Figure 12.1 shows three plots from the coffee dataset in the package pgmm. There are 43 coffees of two varieties, Arabica and Robusta, and the Robusta coffees are marked in red. The barchart shows how many coffees of each type there are, and that the great majority are Arabica. The parallel coordinate plot shows that there are several variables on which the two types differ and that the differentiation is particularly obvious on the variables Fat and Caffine [sic]. Finally, the scatterplot of those two variables confirms the main conclusion drawn from the pcp and presents it more definitively. In principle, all the information in the three graphics can be seen in the pcp. In practice, the barchart and scatterplot are valuable for emphasising the conclusions.

Figure 12.1

Figure showing an ensemble of plots of the coffee dataset. Most coffees are of type Arabica (barchart). The Robusta variety coffees, coloured red in all three plots, are clearly different from the Arabica ones on two variables and fairly different on two others (pcp). The Robusta coffees have high levels of Caffine [sic] and low levels of Fat (scatterplot).

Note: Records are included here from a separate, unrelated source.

lemma ds_one_factor_cover:
  assumes "n > 0" "digraph n E" "doubly_stochasticable n E"
  obtains \<F> where "finite \<F>" "\<F> \<noteq> {}" "\<forall>R\<in>\<F>. one_factor {..<n} R" "\<Union>\<F> = E"
    "card \<F> \<le> ds n E"
proof -
  obtain S where S: "S \<subseteq> cycle_subgraphs n E" "finite S" "card S = ds n E" "generates n E S"
    "\<forall>H\<in>S. fst H = {0..<n}"
    using ds_attained[OF assms] by blast
  \<comment> \<open>An edgeless spanning element, possible only for \<open>n = 1\<close>, is not a 1-factor and is dropped.\<close>
  define \<F> where "\<F> = snd ` {H \<in> S. snd H \<noteq> {}}"
  have "finite \<F>" using S(2) unfolding \<F>_def by simp
  moreover have union: "\<Union>\<F> = E" using S(4) unfolding generates_def \<F>_def by auto
  moreover have "\<F> \<noteq> {}"
    using union doubly_stochasticable_out_edge[OF assms(3,1)] by auto
  moreover have "one_factor {..<n} R" if R: "R \<in> \<F>" for R
  proof -
    obtain H where "H \<in> S" "snd H \<noteq> {}" "R = snd H" using R unfolding \<F>_def by blast
    then show ?thesis using cycle_subgraphs_one_factor[of H n E] S(1,5) by (auto simp: atLeast0LessThan)
  qed
  moreover have "card \<F> \<le> ds n E"
  proof -
    have "card \<F> \<le> card {H \<in> S. snd H \<noteq> {}}"
      unfolding \<F>_def by (rule card_image_le) (use S(2) in simp)
    also have "\<dots> \<le> card S" using S(2) by (intro card_mono) auto
    finally show ?thesis using S(3) by simp
  qed
  ultimately show ?thesis using that by blast
qed

theorem proposition3p13:
  fixes n :: nat and E :: "(nat \<times> nat) set" and C :: int
  assumes "n > 0"
    and "digraph n E"
    and "strongly_connected n E"
    and "doubly_stochasticable n E"
    and "C \<ge> int (ds n E)"
  shows "\<exists>A :: nat \<Rightarrow> nat \<Rightarrow> int. is_adjacency n E A \<and> regular n E A C"
proof -
  obtain \<F> where \<F>: "finite \<F>" "\<F> \<noteq> {}" "\<forall>R\<in>\<F>. one_factor {..<n} R" "\<Union>\<F> = E"
    "card \<F> \<le> ds n E"
    using ds_one_factor_cover[OF assms(1,2,4)] .
  have "int (card \<F>) \<le> C" using \<F>(5) assms(5) by linarith
  then obtain A :: "nat \<Rightarrow> nat \<Rightarrow> int" where "is_adjacency n E A"
    "\<forall>i<n. (\<Sum>j<n. A i j) = C" "\<forall>j<n. (\<Sum>i<n. A i j) = C"
    using regular_weights_of_one_factors[OF \<F>(1-3)] \<F>(4) by blast
  then show ?thesis using assms(3) unfolding regular_def by blast
qed

end
lemma summable_on_int_gaussian_dominated:
  fixes f :: "int \<Rightarrow> complex" and a b c :: complex
  assumes "Re c < 0"
    and "\<forall>\<^sub>F n in sequentially. norm (f (int n)) \<le> B * norm (exp (a + b * of_int (int n) + c * of_int (int n) ^ 2))"
    and "\<forall>\<^sub>F n in sequentially. norm (f (- int n)) \<le> B * norm (exp (a + b * of_int (- int n) + c * of_int (- int n) ^ 2))"
  shows "f summable_on UNIV"
proof (rule summable_on_int_from_halves)
  show "summable (\<lambda>n. norm (f (int n)))"
    using assms(2)
    by (intro summable_comparison_test_ev[OF _ summable_mult[OF summable_norm_exp_quadratic[OF assms(1)]]])
       simp
  have "summable (\<lambda>n. B * norm (exp (a + (- b) * of_nat n + c * of_nat n ^ 2)))"
    by (intro summable_mult summable_norm_exp_quadratic assms(1))
  then show "summable (\<lambda>n. norm (f (- int n)))"
    by (rule summable_comparison_test_ev[rotated]) (use assms(3) in simp)
qed

lemma norm_one_minus_exp_ge_half:
  fixes w :: complex
  assumes "1 \<le> \<bar>Re w\<bar>"
  shows "1 / 2 \<le> norm (1 - exp w)"
proof -
  have "\<bar>1 - exp (Re w)\<bar> \<le> norm (1 - exp w)"
    using norm_triangle_ineq3[of 1 "exp w"] by simp
  moreover have "1 / 2 \<le> \<bar>1 - exp (Re w)\<bar>"
  proof (cases "Re w \<ge> 1")
    case True
    then have "2 \<le> exp (Re w)"
      using exp_ge_add_one_self[of "Re w"] by linarith
    then show ?thesis
      using abs_ge_minus_self[of "1 - exp (Re w)"] by linarith
  next
    case False
    then have "exp (Re w) \<le> exp (-1)"
      using assms by simp
    moreover have "2 * exp (-1) \<le> (1 :: real)"
      using exp_ge_add_one_self[of 1] by (simp add: exp_minus field_simps)
    ultimately have "exp (Re w) \<le> 1 / 2"
      by linarith
    then show ?thesis
      using abs_ge_self[of "1 - exp (Re w)"] by linarith
  qed
  ultimately show ?thesis
    by linarith
qed

lemma chiA_eq_sublattice_sum:
  "chiA N L n' t u v \<tau> = - \<i> * theta1 u \<tau> / (eta \<tau>)^3 * (\<Sum>\<^sub>\<infinity>m. chiA_term (N div L) 1 n' (m * L + t) u v \<tau>)"
  by (simp only: chiA_def chiA_term_def div_by_1)
(* Let $\Gamma'<G_d$ be a discrete subgroup, $x=g\Gamma'\in G_d/\Gamma'$, and let $\Theta$ be a geometric limit of the sequence of subgroups $a_{t_j}g\Gamma'g^{-1}a_{-t_j}$ for some $t_j\to+\infty$. If $e\neq\theta\in\Theta\cap NMAU$, then $\delta(\theta)x\in\overline{Nx}$; more precisely there are $n_j\in N$ with $n_jx\to\delta(\theta)x$. In particular $\delta(\Theta)\subseteq\Delta_x$.
   Context: $d\ge2$, $G_d=\mathrm{SO}^+(d,1)$ identified with the frame bundle of $\mathbb{H}^d$; $K$ a point stabilizer, $A=\{a_t\}$ the geodesic frame flow subgroup, $M=Z_K(A)$, $N=\{n:a_tna_{-t}\to e\text{ as }t\to+\infty\}$, $U=\{u:a_{-t}ua_t\to e\text{ as }t\to+\infty\}$. The set $NMAU$ is open and every element of it has a unique decomposition $n\ell u$ with $n\in N,\ell\in MA,u\in U$ (the multiplication map $N\times MA\times U\to NMAU$ is a diffeomorphism); define $\delta:G_d\to MA$ by $\delta(n\ell u)=\ell$ on $NMAU$ and $\delta(g)=e$ otherwise. A closed subgroup $\Theta$ is a geometric limit of closed subgroups $\Gamma_j$ if a subsequence converges to $\Theta$ in the Chabauty topology (Hausdorff convergence on compact subsets). $\Delta_x=\{\ell\in MA:\ell x\in\overline{Nx}\}$. *)

theory Defs
  imports "HOL-Analysis.Analysis"
begin

text \<open>Coordinates of R^(d+1): None is the time-like coordinate, Some None is the
  spatial direction of the geodesic flow, Some (Some i) (i in 'n) are the remaining
  spatial coordinates.  Hence d = CARD('n) + 1 \<ge> 2.\<close>
type_synonym 'n idx = "'n option option"
type_synonym 'n mat = "real ^ 'n idx ^ 'n idx"

definition lorentzJ :: "('n::finite) mat" where
  "lorentzJ = (\<chi> i j. if i = j then (if i = None then -1 else 1) else 0)"

definition Gd :: "('n::finite) mat set" where
  "Gd = {g. transpose g ** lorentzJ ** g = lorentzJ \<and> det g = 1 \<and> g $ None $ None > 0}"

An ensemble of plots of the coffee dataset. Most coffees are of type Arabica (barchart). The Robusta variety coffees, coloured red in all three plots, are clearly different from the Arabica ones on two variables and fairly different on two others (pcp). The Robusta coffees have high levels of Caffine [sic] and low levels of Fat (scatterplot).

The code for Figure 12.1 is involved. Some of it is to specify the colours, some to reduce the amount of labelling, and some to draft the layout. The most important component of the pcp plot is the use of order to ensure that the lines for the group of interest are plotted on top of the lines for the rest of the data. Note that the spatial arrangement of the graphics and using a consistent style for them are just as important as the drawing of the individual graphics. For presentation you have to think of graphics as part of a story, not in isolation.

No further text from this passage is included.